Это оказалось последним нашим свиданием. Через день Настю увезли за сорок верст в деревню к тетке. И я вдруг увидел, как пусто разоренное Давыдово. Голые стены дома глянули на меня холодно и отчужденно…
6
…— Вы невозможны, мой друг. Снова просите взаймы… Давно ли вы продали табакерку?
— Деньги существуют, чтобы их тратить, милая Натали, это сказано еще у Маркса, если не ошибаюсь… А потом впереди всеобщая кувырк-коллегия… Чего ради скопидомничать? И да здравствует этот самый пир во время чумы, как говорится… у кого бишь?
Пожурив меня за легкомыслие и мотовство, Наталья Сергеевна выдает мне все же сколько-то денег. Я, осчастливленный, исчезаю.
По вечерам в длинную, тесно заставленную мебелью комнату, где приютились Наталья и Анна Сергеевна, сестры-девицы из соседней с Давыдовом усадьбы, перебравшиеся в Москву с уцелевшими «остатками крушения» — шкатулкой с фамильными драгоценностями и столовым серебром, — в эту комнату, прозванную «гарсоньеркой», приходят друзья: молодежь, по большей части отпрыски выставленных из усадеб родителей. Тут — складчина, непринужденная болтовня, выступления доморощенных талантов, а иногда и настоящих цыган, флирт за чаем, разлитым в музейные чашки, или за рюмкой вина, смесь богемных нравов с поврежденными старорежимными манерами.

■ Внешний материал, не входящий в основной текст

lemma four_pow_mult_powr_le_exp:
  fixes V T D :: real
  assumes "V \<ge> 0" "T \<ge> 0" "D \<ge> 0" "real N \<le> V + T"
  shows "4 ^ N * exp (V / 2) * real (Suc N) powr D
    \<le> 4 powr T * (8 * D + 8) powr D * exp ((T + 1) / 8) * exp ((1 + pi / 2) * V)"
proof -
  have "(4::real) ^ N = 4 powr real N"
    by (simp add: powr_realpow)
  also have "\<dots> \<le> 4 powr (V + T)"
    using assms by (intro powr_mono) auto
  also have "\<dots> = 4 powr T * exp (ln 4 * V)"
    by (simp add: powr_def algebra_simps exp_add)
  finally have four: "(4::real) ^ N \<le> 4 powr T * exp (ln 4 * V)" .
  have "real (Suc N) powr D \<le> (V + T + 1) powr D"
    using assms by (intro powr_mono2) auto
  also have "\<dots> \<le> (8 * D + 8) powr D * exp (D * (V + T + 1) / (8 * D + 8))"
    using assms by (intro powr_le_powr_mult_exp) auto
  also have "\<dots> \<le> (8 * D + 8) powr D * exp ((V + T + 1) / 8)"
    using assms by (intro mult_left_mono) (auto simp: field_simps)
  finally have poly: "real (Suc N) powr D \<le> (8 * D + 8) powr D * exp ((V + T + 1) / 8)" .
  have "ln (4::real) = 2 * ln 2"
    using ln_realpow[of 2 2] by simp
  then have rate: "ln 4 + 5 / 8 \<le> 1 + pi / 2"
    using ln2_le_25_over_36 pi_gt3 by linarith
  have "4 ^ N * exp (V / 2) * real (Suc N) powr D
      \<le> (4 powr T * exp (ln 4 * V)) * exp (V / 2) * ((8 * D + 8) powr D * exp ((V + T + 1) / 8))"
    using four poly by (intro mult_mono) auto
  also have "\<dots> = 4 powr T * (8 * D + 8) powr D * exp ((T + 1) / 8) * exp ((ln 4 + 5 / 8) * V)"
    by (simp add: field_simps flip: exp_add)
  also have "\<dots> \<le> 4 powr T * (8 * D + 8) powr D * exp ((T + 1) / 8) * exp ((1 + pi / 2) * V)"
    using rate assms by (intro mult_left_mono) (auto intro: mult_right_mono)
  finally show ?thesis .
qed

lemma powr_le_powr_ratio:
  fixes x V a :: real
  assumes "1 \<le> x" "1 \<le> V"
  shows "x powr (a - 1/2) \<le> (1 + V) powr (2 * \<bar>a\<bar>) * ((x + V) powr a / (sqrt x * V powr a))"
proof -
  have "(1 + V) powr (2 * \<bar>a\<bar>) * ((x + V) powr a / (sqrt x * V powr a))
      = x powr (a - 1/2) * (((x + V) / x) powr a * (1 + V) powr \<bar>a\<bar>)
          * (V powr (- a) * (1 + V) powr \<bar>a\<bar>)"
    using assms by (simp add: powr_divide powr_minus powr_diff powr_half_sqrt[symmetric]
        powr_add[symmetric] field_simps)
  also have "\<dots> \<ge> x powr (a - 1/2) * 1 * 1"
  proof (intro mult_mono)
    show "1 \<le> ((x + V) / x) powr a * (1 + V) powr \<bar>a\<bar>"
      using assms by (intro one_le_powr_mult_powr_abs) (auto simp: field_simps)
    show "1 \<le> V powr (- a) * (1 + V) powr \<bar>a\<bar>"
      using one_le_powr_mult_powr_abs[of V "1 + V" "- a"] assms by simp
  qed auto
  finally show ?thesis
    by simp
qed

lemma norm_gchoose_Complex_le:
  fixes \<sigma> v :: real
  defines "T \<equiv> \<bar>\<sigma>\<bar> + 3" and "D \<equiv> \<bar>\<sigma> - 1\<bar> + 2 * \<bar>\<sigma> - 1/2\<bar>"
  assumes "r \<ge> 1" "\<bar>v\<bar> \<ge> 1"
  shows "norm ((of_nat r + Complex \<sigma> v - 1) gchoose r)
    \<le> 4 powr T * (8 * D + 8) powr D * exp ((T + 1) / 8)
        * ((real r + \<bar>v\<bar>) powr (\<sigma> - 1/2) * exp (norm (Complex \<sigma> v)))
        / (sqrt (real r) * \<bar>v\<bar> powr (\<sigma> - 1/2)) * exp (pi / 2 * \<bar>v\<bar>)"
proof -
  define C where "C = 4 powr T * (8 * D + 8) powr D * exp ((T + 1) / 8)"
  define N where "N = nat \<lceil>\<bar>\<sigma>\<bar> + \<bar>v\<bar> + 2\<rceil>"
  define R where "R = (real r + \<bar>v\<bar>) powr (\<sigma> - 1/2) / (sqrt (real r) * \<bar>v\<bar> powr (\<sigma> - 1/2))"
  have N: "\<bar>\<sigma>\<bar> + \<bar>v\<bar> + 2 \<le> real N" "real N \<le> \<bar>v\<bar> + T"
    unfolding N_def T_def by linarith+
  have "norm ((of_nat r + Complex \<sigma> v - 1) gchoose r)
      \<le> 4 ^ N * exp (\<bar>v\<bar> / 2) * real (Suc N) powr \<bar>\<sigma> - 1\<bar> * real r powr (\<sigma> - 1)"
    using norm_gchoose_le[of r "Complex \<sigma> v" N] assms(3,4) N by (simp add: mult_ac)
  also have "\<dots> \<le> 4 ^ N * exp (\<bar>v\<bar> / 2) * real (Suc N) powr \<bar>\<sigma> - 1\<bar>
      * ((1 + \<bar>v\<bar>) powr (2 * \<bar>\<sigma> - 1/2\<bar>) * R)"
    using powr_le_powr_ratio[of "real r" "\<bar>v\<bar>" "\<sigma> - 1/2"] assms(3,4)
    by (intro mult_left_mono) (auto simp: R_def)
  also have "\<dots> \<le> 4 ^ N * exp (\<bar>v\<bar> / 2) * real (Suc N) powr \<bar>\<sigma> - 1\<bar>
      * (real (Suc N) powr (2 * \<bar>\<sigma> - 1/2\<bar>) * R)"
    using N by (intro mult_left_mono mult_right_mono powr_mono2) (auto simp: R_def)
  also have "\<dots> = 4 ^ N * exp (\<bar>v\<bar> / 2) * real (Suc N) powr D * R"
    by (simp add: D_def powr_add mult_ac)
  also have "\<dots> \<le> C * exp ((1 + pi / 2) * \<bar>v\<bar>) * R"
    using four_pow_mult_powr_le_exp[of "\<bar>v\<bar>" T D N] N
    by (intro mult_right_mono) (auto simp: C_def T_def D_def R_def)
  also have "\<dots> \<le> C * (exp (norm (Complex \<sigma> v)) * exp (pi / 2 * \<bar>v\<bar>)) * R"
    using abs_Im_le_cmod[of "Complex \<sigma> v"]
    by (intro mult_right_mono mult_left_mono) (auto simp: C_def R_def distrib_right simp flip: exp_add)
  finally show ?thesis
    by (simp add: C_def R_def mult_ac)
qed

theorem lemma2p2:
  fixes \<sigma> :: real
  shows "\<exists>C V0. C > 0 \<and> V0 > 0 \<and>
    (\<forall>(r::nat) (v::real). r \<ge> 1 \<longrightarrow> \<bar>v\<bar> \<ge> V0 \<longrightarrow>
      (let s = Complex \<sigma> v in
        norm ((of_nat r + s - 1) gchoose r)
          \<le> C * ((real r + \<bar>v\<bar>) powr (\<sigma> - 1/2) * exp (norm s))
               / (sqrt (real r) * \<bar>v\<bar> powr (\<sigma> - 1/2))
               * exp (pi / 2 * \<bar>v\<bar>)))"
proof -
  define T D where "T = \<bar>\<sigma>\<bar> + 3" and "D = \<bar>\<sigma> - 1\<bar> + 2 * \<bar>\<sigma> - 1/2\<bar>"
  define C where "C = 4 powr T * (8 * D + 8) powr D * exp ((T + 1) / 8)"
  have "C > 0"
    by (simp add: C_def D_def add_nonneg_eq_0_iff)
  then show ?thesis
    using norm_gchoose_Complex_le[where \<sigma> = \<sigma>]
    by (intro exI[of _ C] exI[of _ 1]) (simp add: Let_def C_def T_def D_def)
qed

end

Гости — все народ недоучившийся. Но это никого особенно не тревожит, потому что задумываться над будущим не принято, как считается дурным тоном жаловаться на обнищание, интересоваться серьезными материями и замечать поношенную одежду. В ходу крылатое изречение Людовика XV: «После меня хоть потоп!», элегически сентиментальные воспоминания о венценосцах, сожаления об утраченной «красоте» жизни. Само собой, изгнаны всякие политические суждения и прогнозы: «Мы лояльны, мы все очень лояльны!»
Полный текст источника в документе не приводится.